* [WHAT NEEDS TO BE DONE]: Scan the data for "union" and copy each matching line.

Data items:
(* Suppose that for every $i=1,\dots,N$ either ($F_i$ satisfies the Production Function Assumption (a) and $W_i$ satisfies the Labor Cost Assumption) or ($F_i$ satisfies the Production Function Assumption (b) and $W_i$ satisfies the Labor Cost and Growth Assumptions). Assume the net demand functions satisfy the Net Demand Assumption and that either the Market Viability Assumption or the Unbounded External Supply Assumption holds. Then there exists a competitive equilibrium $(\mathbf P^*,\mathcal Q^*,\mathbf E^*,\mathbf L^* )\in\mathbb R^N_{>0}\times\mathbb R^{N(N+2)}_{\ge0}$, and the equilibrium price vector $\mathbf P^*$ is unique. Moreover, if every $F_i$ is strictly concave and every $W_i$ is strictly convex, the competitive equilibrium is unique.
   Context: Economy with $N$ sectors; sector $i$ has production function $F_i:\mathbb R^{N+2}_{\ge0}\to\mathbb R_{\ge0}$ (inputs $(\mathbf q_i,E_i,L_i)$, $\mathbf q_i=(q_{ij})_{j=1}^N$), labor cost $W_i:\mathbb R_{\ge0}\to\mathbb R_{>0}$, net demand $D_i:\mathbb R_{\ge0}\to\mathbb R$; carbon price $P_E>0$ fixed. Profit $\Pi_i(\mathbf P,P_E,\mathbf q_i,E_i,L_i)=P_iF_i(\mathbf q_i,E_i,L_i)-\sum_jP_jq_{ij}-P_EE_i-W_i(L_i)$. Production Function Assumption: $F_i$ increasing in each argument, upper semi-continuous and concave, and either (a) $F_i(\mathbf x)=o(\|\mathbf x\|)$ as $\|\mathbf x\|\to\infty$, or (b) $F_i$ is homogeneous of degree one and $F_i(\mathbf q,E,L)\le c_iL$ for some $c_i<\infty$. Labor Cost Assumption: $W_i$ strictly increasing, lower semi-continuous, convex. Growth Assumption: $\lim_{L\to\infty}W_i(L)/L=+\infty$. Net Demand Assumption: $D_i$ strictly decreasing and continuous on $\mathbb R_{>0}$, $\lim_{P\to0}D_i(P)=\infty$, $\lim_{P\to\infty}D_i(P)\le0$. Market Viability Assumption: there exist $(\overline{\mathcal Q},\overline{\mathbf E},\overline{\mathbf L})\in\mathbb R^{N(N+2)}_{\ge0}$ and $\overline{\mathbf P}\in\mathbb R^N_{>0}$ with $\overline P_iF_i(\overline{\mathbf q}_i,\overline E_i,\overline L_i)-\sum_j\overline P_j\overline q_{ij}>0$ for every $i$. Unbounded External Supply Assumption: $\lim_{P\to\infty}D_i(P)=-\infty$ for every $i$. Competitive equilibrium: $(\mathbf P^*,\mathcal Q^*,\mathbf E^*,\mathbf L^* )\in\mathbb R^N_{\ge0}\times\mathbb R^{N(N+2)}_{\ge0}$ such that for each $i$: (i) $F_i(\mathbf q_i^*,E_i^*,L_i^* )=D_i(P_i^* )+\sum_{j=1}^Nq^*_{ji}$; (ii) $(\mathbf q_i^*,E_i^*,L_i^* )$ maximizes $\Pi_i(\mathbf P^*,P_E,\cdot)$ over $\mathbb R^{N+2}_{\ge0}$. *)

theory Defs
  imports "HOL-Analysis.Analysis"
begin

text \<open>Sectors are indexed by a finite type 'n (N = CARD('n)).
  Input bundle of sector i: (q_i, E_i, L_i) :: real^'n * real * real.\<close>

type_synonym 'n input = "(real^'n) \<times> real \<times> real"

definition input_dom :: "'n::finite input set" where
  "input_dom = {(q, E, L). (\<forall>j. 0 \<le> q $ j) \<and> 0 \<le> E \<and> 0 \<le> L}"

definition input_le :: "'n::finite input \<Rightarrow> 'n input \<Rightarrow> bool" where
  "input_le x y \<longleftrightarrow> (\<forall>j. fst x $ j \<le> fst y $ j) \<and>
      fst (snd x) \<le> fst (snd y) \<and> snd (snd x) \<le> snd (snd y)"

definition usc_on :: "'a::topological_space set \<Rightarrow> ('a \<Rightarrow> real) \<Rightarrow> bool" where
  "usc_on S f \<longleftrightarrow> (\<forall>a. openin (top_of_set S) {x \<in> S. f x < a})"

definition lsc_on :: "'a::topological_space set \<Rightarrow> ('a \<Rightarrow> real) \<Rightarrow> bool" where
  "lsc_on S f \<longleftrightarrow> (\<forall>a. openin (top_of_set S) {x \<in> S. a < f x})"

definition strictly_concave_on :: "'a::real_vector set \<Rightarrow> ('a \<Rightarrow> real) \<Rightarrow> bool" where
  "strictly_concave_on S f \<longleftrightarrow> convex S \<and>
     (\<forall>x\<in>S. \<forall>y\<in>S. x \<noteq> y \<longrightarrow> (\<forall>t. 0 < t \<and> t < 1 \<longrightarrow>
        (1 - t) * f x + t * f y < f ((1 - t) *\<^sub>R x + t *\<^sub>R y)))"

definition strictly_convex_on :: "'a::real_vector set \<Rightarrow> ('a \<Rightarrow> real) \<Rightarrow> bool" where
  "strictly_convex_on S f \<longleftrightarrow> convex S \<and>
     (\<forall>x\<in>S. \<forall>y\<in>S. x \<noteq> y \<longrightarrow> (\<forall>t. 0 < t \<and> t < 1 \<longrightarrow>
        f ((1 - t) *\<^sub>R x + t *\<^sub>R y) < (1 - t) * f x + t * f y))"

* * *

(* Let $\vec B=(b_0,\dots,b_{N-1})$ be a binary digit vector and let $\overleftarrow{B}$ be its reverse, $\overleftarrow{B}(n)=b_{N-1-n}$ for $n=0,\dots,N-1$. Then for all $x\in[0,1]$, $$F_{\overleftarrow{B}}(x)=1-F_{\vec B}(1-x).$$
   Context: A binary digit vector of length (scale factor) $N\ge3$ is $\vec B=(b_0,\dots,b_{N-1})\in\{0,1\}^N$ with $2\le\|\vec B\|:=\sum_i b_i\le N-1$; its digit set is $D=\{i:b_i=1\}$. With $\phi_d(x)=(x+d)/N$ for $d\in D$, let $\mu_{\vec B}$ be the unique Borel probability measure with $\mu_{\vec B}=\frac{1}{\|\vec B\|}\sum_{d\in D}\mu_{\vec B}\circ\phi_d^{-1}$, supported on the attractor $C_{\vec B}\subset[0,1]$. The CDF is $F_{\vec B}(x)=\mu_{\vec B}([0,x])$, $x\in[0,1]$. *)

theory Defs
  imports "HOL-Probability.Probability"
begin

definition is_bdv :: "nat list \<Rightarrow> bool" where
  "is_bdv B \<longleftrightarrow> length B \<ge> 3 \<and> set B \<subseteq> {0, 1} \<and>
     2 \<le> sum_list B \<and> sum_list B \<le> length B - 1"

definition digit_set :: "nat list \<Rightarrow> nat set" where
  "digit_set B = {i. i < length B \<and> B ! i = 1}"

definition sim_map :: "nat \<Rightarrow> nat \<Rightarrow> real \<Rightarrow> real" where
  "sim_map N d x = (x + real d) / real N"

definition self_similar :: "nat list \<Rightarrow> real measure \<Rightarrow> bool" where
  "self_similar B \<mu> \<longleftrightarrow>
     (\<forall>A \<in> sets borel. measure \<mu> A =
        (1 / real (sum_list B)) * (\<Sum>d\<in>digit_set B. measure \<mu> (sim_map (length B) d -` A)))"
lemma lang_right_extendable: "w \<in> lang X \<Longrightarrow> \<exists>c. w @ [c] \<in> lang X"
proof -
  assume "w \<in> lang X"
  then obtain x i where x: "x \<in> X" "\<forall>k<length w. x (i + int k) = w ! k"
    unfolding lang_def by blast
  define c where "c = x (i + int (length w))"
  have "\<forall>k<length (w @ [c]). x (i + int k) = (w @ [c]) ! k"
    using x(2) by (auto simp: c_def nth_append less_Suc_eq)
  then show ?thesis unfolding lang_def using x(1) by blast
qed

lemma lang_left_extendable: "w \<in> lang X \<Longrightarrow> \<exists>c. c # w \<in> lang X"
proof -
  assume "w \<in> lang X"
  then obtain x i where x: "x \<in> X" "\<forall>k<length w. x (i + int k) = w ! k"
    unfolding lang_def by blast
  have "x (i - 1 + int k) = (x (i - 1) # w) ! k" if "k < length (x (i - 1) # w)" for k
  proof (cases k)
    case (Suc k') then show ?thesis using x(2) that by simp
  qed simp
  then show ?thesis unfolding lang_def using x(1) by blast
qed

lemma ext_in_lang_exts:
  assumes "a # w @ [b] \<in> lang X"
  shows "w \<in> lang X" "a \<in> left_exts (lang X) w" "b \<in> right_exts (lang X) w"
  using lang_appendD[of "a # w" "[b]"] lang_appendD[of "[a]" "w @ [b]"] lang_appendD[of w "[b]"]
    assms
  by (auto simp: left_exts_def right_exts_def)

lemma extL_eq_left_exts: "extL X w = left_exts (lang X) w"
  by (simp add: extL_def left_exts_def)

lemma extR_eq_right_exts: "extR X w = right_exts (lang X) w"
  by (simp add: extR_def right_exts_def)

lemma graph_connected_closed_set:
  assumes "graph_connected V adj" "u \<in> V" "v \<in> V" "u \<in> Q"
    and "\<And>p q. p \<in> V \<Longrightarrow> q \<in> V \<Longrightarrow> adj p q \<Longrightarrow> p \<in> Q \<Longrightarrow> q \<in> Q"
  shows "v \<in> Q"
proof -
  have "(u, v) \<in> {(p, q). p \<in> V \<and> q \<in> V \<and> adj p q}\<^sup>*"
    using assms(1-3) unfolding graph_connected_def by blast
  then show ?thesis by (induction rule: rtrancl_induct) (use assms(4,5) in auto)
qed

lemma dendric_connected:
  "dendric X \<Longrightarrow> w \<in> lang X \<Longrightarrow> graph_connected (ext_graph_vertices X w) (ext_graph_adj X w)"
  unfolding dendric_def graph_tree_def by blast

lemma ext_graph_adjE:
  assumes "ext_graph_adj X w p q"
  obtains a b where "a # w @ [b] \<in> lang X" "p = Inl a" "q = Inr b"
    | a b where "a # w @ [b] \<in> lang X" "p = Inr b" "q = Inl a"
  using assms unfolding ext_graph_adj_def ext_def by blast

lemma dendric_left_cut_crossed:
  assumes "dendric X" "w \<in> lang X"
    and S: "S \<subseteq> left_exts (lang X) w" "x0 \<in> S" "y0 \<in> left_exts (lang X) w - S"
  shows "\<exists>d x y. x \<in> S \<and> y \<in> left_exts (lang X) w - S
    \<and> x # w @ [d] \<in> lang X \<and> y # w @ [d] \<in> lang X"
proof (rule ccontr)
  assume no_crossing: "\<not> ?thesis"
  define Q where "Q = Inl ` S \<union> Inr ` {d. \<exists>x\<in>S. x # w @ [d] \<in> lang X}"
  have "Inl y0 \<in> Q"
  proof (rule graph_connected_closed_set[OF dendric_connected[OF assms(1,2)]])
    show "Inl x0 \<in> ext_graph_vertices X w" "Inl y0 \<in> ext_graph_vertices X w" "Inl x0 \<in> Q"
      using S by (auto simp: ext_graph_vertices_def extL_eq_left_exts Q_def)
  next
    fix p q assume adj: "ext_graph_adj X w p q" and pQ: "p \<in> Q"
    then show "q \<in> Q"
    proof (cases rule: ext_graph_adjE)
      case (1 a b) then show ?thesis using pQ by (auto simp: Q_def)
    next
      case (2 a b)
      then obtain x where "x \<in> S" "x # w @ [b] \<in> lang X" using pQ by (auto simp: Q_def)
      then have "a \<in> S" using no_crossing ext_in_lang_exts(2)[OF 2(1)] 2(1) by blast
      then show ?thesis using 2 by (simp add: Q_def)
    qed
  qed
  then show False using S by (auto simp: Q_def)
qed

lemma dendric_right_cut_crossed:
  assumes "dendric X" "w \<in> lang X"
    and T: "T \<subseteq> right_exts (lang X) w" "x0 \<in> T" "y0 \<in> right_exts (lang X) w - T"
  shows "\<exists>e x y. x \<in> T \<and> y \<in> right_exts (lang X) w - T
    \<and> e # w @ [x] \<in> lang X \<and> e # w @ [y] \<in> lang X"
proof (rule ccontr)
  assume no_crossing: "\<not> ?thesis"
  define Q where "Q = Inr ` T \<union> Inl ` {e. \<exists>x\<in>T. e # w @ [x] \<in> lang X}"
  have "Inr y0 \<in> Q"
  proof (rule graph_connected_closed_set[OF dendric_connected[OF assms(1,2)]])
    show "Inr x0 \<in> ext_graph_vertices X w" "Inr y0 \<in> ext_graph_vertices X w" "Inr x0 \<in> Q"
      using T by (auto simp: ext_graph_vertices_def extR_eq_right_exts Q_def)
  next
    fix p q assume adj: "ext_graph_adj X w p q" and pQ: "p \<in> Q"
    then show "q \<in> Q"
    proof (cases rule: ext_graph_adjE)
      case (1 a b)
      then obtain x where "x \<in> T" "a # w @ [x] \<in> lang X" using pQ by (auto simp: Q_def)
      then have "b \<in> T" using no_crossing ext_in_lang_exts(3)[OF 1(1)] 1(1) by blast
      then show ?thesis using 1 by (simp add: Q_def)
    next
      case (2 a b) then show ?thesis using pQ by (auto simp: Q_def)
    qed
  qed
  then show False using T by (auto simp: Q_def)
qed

* [REPLY]:
  define Q where "Q = Inl ` S \<union> Inr ` {d. \<exists>x\<in>S. x # w @ [d] \<in> lang X}"
  define Q where "Q = Inr ` T \<union> Inl ` {e. \<exists>x\<in>T. e # w @ [x] \<in> lang X}"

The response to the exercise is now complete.